Grex Oldcoop Conference

Item 397: Grex needs to buy a new disk, pronto

Entered by steve on Mon Feb 19 04:28:25 2007:

   Grex has a failing disk at the moment.  I'm pleased to say that
it didn't just crap out as we've had in the past, but it's definitely
sick and we're living on borrowed time.

   This last Saturday I spent time on Grex first making backups of
nearly al the system, and then replaced the failing disk with the
replacement disk we got from Seagate when we had our last disk
disaster.  This replacement was a "certified repaired" disk we got,
which of course was certified bad--in the process of restoring
data to our new disk all sorts of random errors cropped up, and
playing with it more only revealed more weirdness.  At this point
it was getting close to 7pm, so I put the original dying disk
back in service.

   So once again we've managed to skirt around a disk disaster,
at least today.  We need to get a new disk, and soon.

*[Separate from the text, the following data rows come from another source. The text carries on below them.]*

lemma sim_relD:
  assumes "sim_rel R X01 \<delta>1 X02 \<delta>2 piV" "(x1, x2) \<in> R" "(x1, u1, y1, x1') \<in> \<delta>1"
  obtains u2 y2 x2' where "(x2, u2, y2, x2') \<in> \<delta>2" "(x1', x2') \<in> R" "piV (u1, y1) = piV (u2, y2)"
  using assms unfolding sim_rel_def by blast

locale window_abstraction =
  fixes X :: "'x set" and U :: "'u set" and Y :: "'y set"
    and \<delta> :: "('x \<times> 'u \<times> 'y \<times> 'x) set" and X0 :: "'x set" and l :: nat
  assumes machine: "state_machine X U Y \<delta> X0"
    and live: "live_reachable X U Y \<delta> X0"
    and l_pos: "l \<ge> 1"
begin

abbreviation E :: "'x \<Rightarrow> 'y option list set" where
  "E \<equiv> E_I X U Y \<delta> X0 l l"

definition window_rel :: "('y option list \<times> 'y option list set) set" where
  "window_rel = {(\<zeta>, yh). \<zeta> \<in> absX X U Y \<delta> X0 l l \<and> yh \<in> quotX X U Y \<delta> X0 l \<and> \<zeta> \<in> yh}"

lemma window_rel_iff: "(\<zeta>, yh) \<in> window_rel \<longleftrightarrow> (\<exists>x \<in> X. yh = E x) \<and> \<zeta> \<in> yh"
  unfolding window_rel_def absX_def quotX_def by blast

lemma reachable:
  assumes "x \<in> X"
  obtains \<mu> \<nu> \<xi> k where "(\<mu>, \<nu>, \<xi>) \<in> full_behavior X U Y \<delta> X0" "\<xi> k = x"
  using live assms unfolding live_reachable_def by fast

lemma Cons_mem_E_str_iff:
  "Some y # \<zeta>' \<in> E_str X U Y \<delta> X0 0 (int l) x \<longleftrightarrow> (\<exists>u x'. (x, u, y, x') \<in> \<delta> \<and> \<zeta>' \<in> E x')"
proof
  assume "Some y # \<zeta>' \<in> E_str X U Y \<delta> X0 0 (int l) x"
  then obtain \<mu> \<nu> \<xi> k where fb: "(\<mu>, \<nu>, \<xi>) \<in> full_behavior X U Y \<delta> X0" and "\<xi> k = x"
    and "Some y # \<zeta>' = out_window \<nu> k (Suc l)"
    by (auto simp: mem_E_str_0_int_iff)
  then have "\<nu> k = y" "\<zeta>' = out_window \<nu> (Suc k) l" "(x, \<mu> k, y, \<xi> (Suc k)) \<in> \<delta>"
    using full_behaviorD(2)[OF fb, of k] by (auto simp: out_window_Suc)
  then show "\<exists>u x'. (x, u, y, x') \<in> \<delta> \<and> \<zeta>' \<in> E x'"
    unfolding mem_E_I_iff using fb by blast
next
  assume "\<exists>u x'. (x, u, y, x') \<in> \<delta> \<and> \<zeta>' \<in> E x'"
  then obtain u x' \<mu>B \<nu>B \<xi>B k2 where step: "(x, u, y, x') \<in> \<delta>"
    and B: "(\<mu>B, \<nu>B, \<xi>B) \<in> full_behavior X U Y \<delta> X0" "\<xi>B k2 = x'" "\<zeta>' = out_window \<nu>B k2 l"
    by (auto simp: mem_E_I_iff)
  have "x \<in> X"
    using step machine unfolding state_machine_def by auto
  then obtain \<mu>A \<nu>A \<xi>A k1 where A: "(\<mu>A, \<nu>A, \<xi>A) \<in> full_behavior X U Y \<delta> X0" "\<xi>A k1 = x"
    by (rule reachable)
  obtain \<mu> \<nu> \<xi> where "(\<mu>, \<nu>, \<xi>) \<in> full_behavior X U Y \<delta> X0" "\<xi> k1 = x"
    "out_window \<nu> k1 (Suc l) = Some y # \<zeta>'"
    using full_behavior_splice[OF machine A step B(1,2)] B(3) by metis
  then show "Some y # \<zeta>' \<in> E_str X U Y \<delta> X0 0 (int l) x"
    unfolding mem_E_str_0_int_iff by metis
qed

lemma take_mem_E:
  "\<eta> \<in> E_str X U Y \<delta> X0 0 (int l) x \<Longrightarrow> take l \<eta> \<in> E x"
  by (fastforce simp: mem_E_str_0_int_iff mem_E_I_iff)

lemma E_str_subset_Pi_l:
  "\<eta> \<in> E_str X U Y \<delta> X0 0 (int l) x \<Longrightarrow> \<eta> \<in> Pi_l (Suc l) (behavior X U Y \<delta> X0)"
  by (auto simp: mem_E_str_0_int_iff intro: out_window_mem_Pi_l)

lemma window_rel_initial:
  "\<forall>\<zeta> \<in> absX0 X U Y \<delta> X0 l l. \<exists>yh \<in> quotX0 X U Y \<delta> X0 l. (\<zeta>, yh) \<in> window_rel"
  using machine unfolding absX0_def quotX0_def window_rel_iff state_machine_def by blast

lemma converse_window_rel_initial:
  "\<forall>yh \<in> quotX0 X U Y \<delta> X0 l. \<exists>\<zeta> \<in> absX0 X U Y \<delta> X0 l l. (yh, \<zeta>) \<in> converse window_rel"
proof
  fix yh assume "yh \<in> quotX0 X U Y \<delta> X0 l"
  then obtain x where x: "x \<in> X0" "yh = E x"
    unfolding quotX0_def by blast
  then obtain \<mu> \<nu> \<xi> where "(\<mu>, \<nu>, \<xi>) \<in> full_behavior X U Y \<delta> X0" "\<xi> 0 = x"
    using live unfolding live_reachable_def by fast
  then have "out_window \<nu> 0 l \<in> E x"
    unfolding mem_E_I_iff by blast
  then show "\<exists>\<zeta> \<in> absX0 X U Y \<delta> X0 l l. (yh, \<zeta>) \<in> converse window_rel"
    using x machine unfolding absX0_def converse_iff window_rel_iff state_machine_def by blast
qed

lemma domino_consistent_if_sim_rel:
  assumes sim: "sim_rel window_rel (absX0 X U Y \<delta> X0 l l) (abs_delta X U Y \<delta> X0 l l)
                  (quotX0 X U Y \<delta> X0 l) (quot_delta X U Y \<delta> X0 l) pi_Y"
  shows "domino_consistent X U Y \<delta> X0 l"
  unfolding domino_consistent_def
proof (intro ballI impI)
  fix \<eta> yh
  assume \<eta>: "\<eta> \<in> Pi_l (Suc l) (behavior X U Y \<delta> X0)" and "yh \<in> quotX X U Y \<delta> X0 l"
    and "str_restr \<eta> 0 (int l - 1) \<in> yh"
  then obtain x0 where "x0 \<in> X" "yh = E x0" and head: "take l \<eta> \<in> yh"
    unfolding quotX_def by (auto simp: str_restr_def)
  then obtain \<nu>0 k0 where "take l \<eta> = out_window \<nu>0 k0 l"
    by (auto simp: mem_E_I_iff)
  then have "\<eta> ! 0 = Some (\<nu>0 k0)"
    using l_pos by (metis nth_take nth_out_window add_0_right less_le_trans zero_less_one)
  then have "\<eta> ! 0 \<noteq> None"
    by simp
  with \<eta> obtain \<mu> \<nu> \<xi> j where fb: "(\<mu>, \<nu>, \<xi>) \<in> full_behavior X U Y \<delta> X0"
    and \<eta>_eq: "\<eta> = out_window \<nu> j (Suc l)"
    by (rule Pi_l_Suc_memE)
  define \<zeta> where "\<zeta> = out_window \<nu> j l"
  define \<zeta>' where "\<zeta>' = out_window \<nu> (Suc j) l"
  have "(\<zeta>, yh) \<in> window_rel"
    using \<open>x0 \<in> X\<close> \<open>yh = E x0\<close> head by (auto simp: window_rel_iff \<zeta>_def \<eta>_eq)
  moreover have "(\<zeta>, \<mu> j, \<nu> j, \<zeta>') \<in> abs_delta X U Y \<delta> X0 l l"
    unfolding abs_delta_ll_iff[OF l_pos]
  proof
    show "take l \<zeta> = Some (\<nu> j) # take (l - 1) \<zeta>'"
      using l_pos by (cases l) (auto simp: \<zeta>_def \<zeta>'_def out_window_Suc[of \<nu> j])
    show "\<exists>x x'. \<zeta> \<in> E x \<and> \<zeta>' \<in> E x' \<and> (x, \<mu> j, \<nu> j, x') \<in> \<delta>"
      unfolding \<zeta>_def \<zeta>'_def mem_E_I_iff using fb full_behaviorD(2)[OF fb] by blast
  qed
  ultimately obtain u2 y2 yh' where "(yh, u2, y2, yh') \<in> quot_delta X U Y \<delta> X0 l"
    and "(\<zeta>', yh') \<in> window_rel" and "pi_Y (\<mu> j, \<nu> j) = pi_Y (u2, y2)"
    by (rule sim_relD[OF sim])
  then obtain x1 x1' where "x1 \<in> X" "yh = E x1" "(x1, u2, \<nu> j, x1') \<in> \<delta>" "\<zeta>' \<in> E x1'"
    unfolding quot_delta_def window_rel_iff pi_Y_def by auto
  moreover have "\<eta> = Some (\<nu> j) # \<zeta>'"
    by (simp add: \<eta>_eq \<zeta>'_def out_window_Suc)
  ultimately show "\<exists>x \<in> X. E x = yh \<and> \<eta> \<in> E_str X U Y \<delta> X0 0 (int l) x"
    using Cons_mem_E_str_iff by blast
qed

   We can't get an 18G disk, they aren't made any more.  We can
still however get a 36G disk, just like last time, for about $250.
This isn't a bad thing, as the three partitions on the disk are
/tmp (4g), /c (5g) and /var/mail (8g).  Having a 36G disk there
would mean we could have a 24G /var/mail partition, so we could
hold more spam. ;-)

   We've been talking about getting a raid system, so in a way
this is spending money only to change things later, but I think
we don't have much of a choice here.  We need a replacement now,
and given the problems with the lack of /var/mail space, getting
a 36G disk makes a lot of sense.  Add the fact that "certified
repaired" disks are all too often not, getting a new disk is the
most reasonable thing.

   I sent mail to Leeron Kopelman to see if his place still
sells disks, since we've gotten things from him in the past.
If he doesn't Newegg.com has them for $250.

   We need to act on this in the next day or two.  We're
being given extra time here.  When we get a replacement I'll
take time off from work to install it if I have to.
26 responses total.

#1 of 26 by cross on Mon Feb 19 04:58:36 2007:

It occurs to me that the disk that is dying is sd2.  However, grex has
plenty of reserved space on sd1 to take over the duties of sd2 until we
could implement a more robust disk storage subsystem.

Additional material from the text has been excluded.